Diciamo che una settantina dei 110 minuti del film è costruita in montaggio parallelo: tutto quello che fa lei, tutto quello che fa lui, ciascuno a modo suo migliora, con le sue forze, la propria condizione, in qualche misura cresce. Lei comincia ad avere successo in campo professionale e, almeno in parte, si libera dei fantasmi del passato; anche lui si libera di un rapporto che non lo porta da nessuna parte e, soprattutto, riallaccia i rapporti con la sorella. Tutto un pochino meccanico, ma va bene, anche perché Tezel è brava, inserendo piccoli flash e dimostrando una regia tutto sommato piuttosto mobile e matura, a non scadere nella simmetria perfetta. Allo spettatore, però, è chiaro fin da subito che il montaggio parallelo è in realtà un montaggio alternato, che a un certo punto le due linee non potranno non tornare ad intrecciarsi, troppo forti erano le potenzialità di quella relazione solo accennata fra questi due individui belli e fragili. Il modo in cui i due tornano a incontrarsi non convince del tutto, ovvero, come dicono i telecronisti di calcio, è tutto un po’ troppo telefonato, finendo per obbedire a una drammaturgia del caso che non risulta troppo persuasiva. Quando Ian compare “casualmente” nella galleria dove si sta per inaugurare la mostra di Kira e vede se stesso dipinto alla parete, viene un po’ da alzare il sopracciglio, anche se poi il commento della gallerista : “It is time you showed up” (“Era l’ora che ti facessi vedere”), sembra proprio un’allusione al fatto che, anche agli occhi della regista, questa storia parallela era giusto che finisse.
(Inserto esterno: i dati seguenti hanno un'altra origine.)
lemma se3_act_se3_act: "se3_act R c (se3_act Q b y) = se3_act (R ** Q) (R *v b + c) y"
  by (simp add: se3_act_def vec_eq_iff matrix_vector_mul_assoc[symmetric] matrix_vector_right_distrib)

lemma se3_act_mem_se3_orbit:
  assumes "z \<in> se3_orbit y" "rotation_matrix R"
  shows "se3_act R c z \<in> se3_orbit y"
proof -
  obtain Q b where "rotation_matrix Q" "z = se3_act Q b y"
    using assms(1) unfolding se3_orbit_def by blast
  moreover have "rotation_matrix (R ** Q)"
    using assms(2) \<open>rotation_matrix Q\<close> by (rule rotation_matrix_mul)
  ultimately show ?thesis
    unfolding se3_orbit_def by (auto simp: se3_act_se3_act)
qed

lemma is_RMSDAlign_sum_sq_le:
  fixes x :: "real^3^'n::finite"
  assumes "is_RMSDAlign x y z" "rotation_matrix R"
  shows "(\<Sum>i\<in>UNIV. (norm (x$i - z$i))\<^sup>2) \<le> (\<Sum>i\<in>UNIV. (norm (x$i - (R *v z$i + c)))\<^sup>2)"
proof -
  have "RMSD x z \<le> RMSD x (se3_act R c z)"
    using assms se3_act_mem_se3_orbit unfolding is_RMSDAlign_def by blast
  thus ?thesis by (simp add: RMSD_def se3_act_nth divide_le_cancel)
qed

lemma is_RMSDAlign_sum_eq:
  fixes x :: "real^3^'n::finite"
  assumes "is_RMSDAlign x y z"
  shows "(\<Sum>i\<in>UNIV. z$i) = (\<Sum>i\<in>UNIV. x$i)"
proof -
  have "(\<Sum>i\<in>UNIV. x$i - z$i) = 0"
    by (rule sum_diff_eq_0_if_translation_optimal)
      (use is_RMSDAlign_sum_sq_le[OF assms rotation_matrix_id] in simp)
  thus ?thesis by (simp add: sum_subtractf)
qed

lemma is_RMSDAlign_sum_cross3_eq_0:
  fixes x :: "real^3^'n::finite"
  assumes "is_RMSDAlign x y z"
  shows "(\<Sum>i\<in>UNIV. cross3 (z$i) (x$i)) = 0"
  by (rule sum_cross3_eq_0_if_rotation_optimal)
    (use is_RMSDAlign_sum_sq_le[OF assms, where c = 0] in simp)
Ma il nuovo incontro fra i due è bello romantico, persino il grigiore londinese cede il passo a uno splendido sole e, come si conviene, a due innamorati da City Lights in avanti, lasciamo i personaggi per strada che vanno incontro a un futuro radioso. Per chi non lo sapesse: l’espressione “falling into place” significa “andare a posto”, è quello che appunto succede alla fine, anche se il “place” del titolo è con certezza l’isola che rende magico l’incontro fra i due.
Falling Into Place – Regia, sceneggiatura: Aylin Tezel; fotografia: Julian Krubasik; montaggio: David J. Achilles; interpreti: Aylin Tezel (Kira), Chris Fulton (Ian), Rory Fleck-Byrne (Aidan), Juliet Cowan (Sara); produzione: Weydemann Bros; origine: Germania/ Regno Unito, 2023; durata: 113 minuti.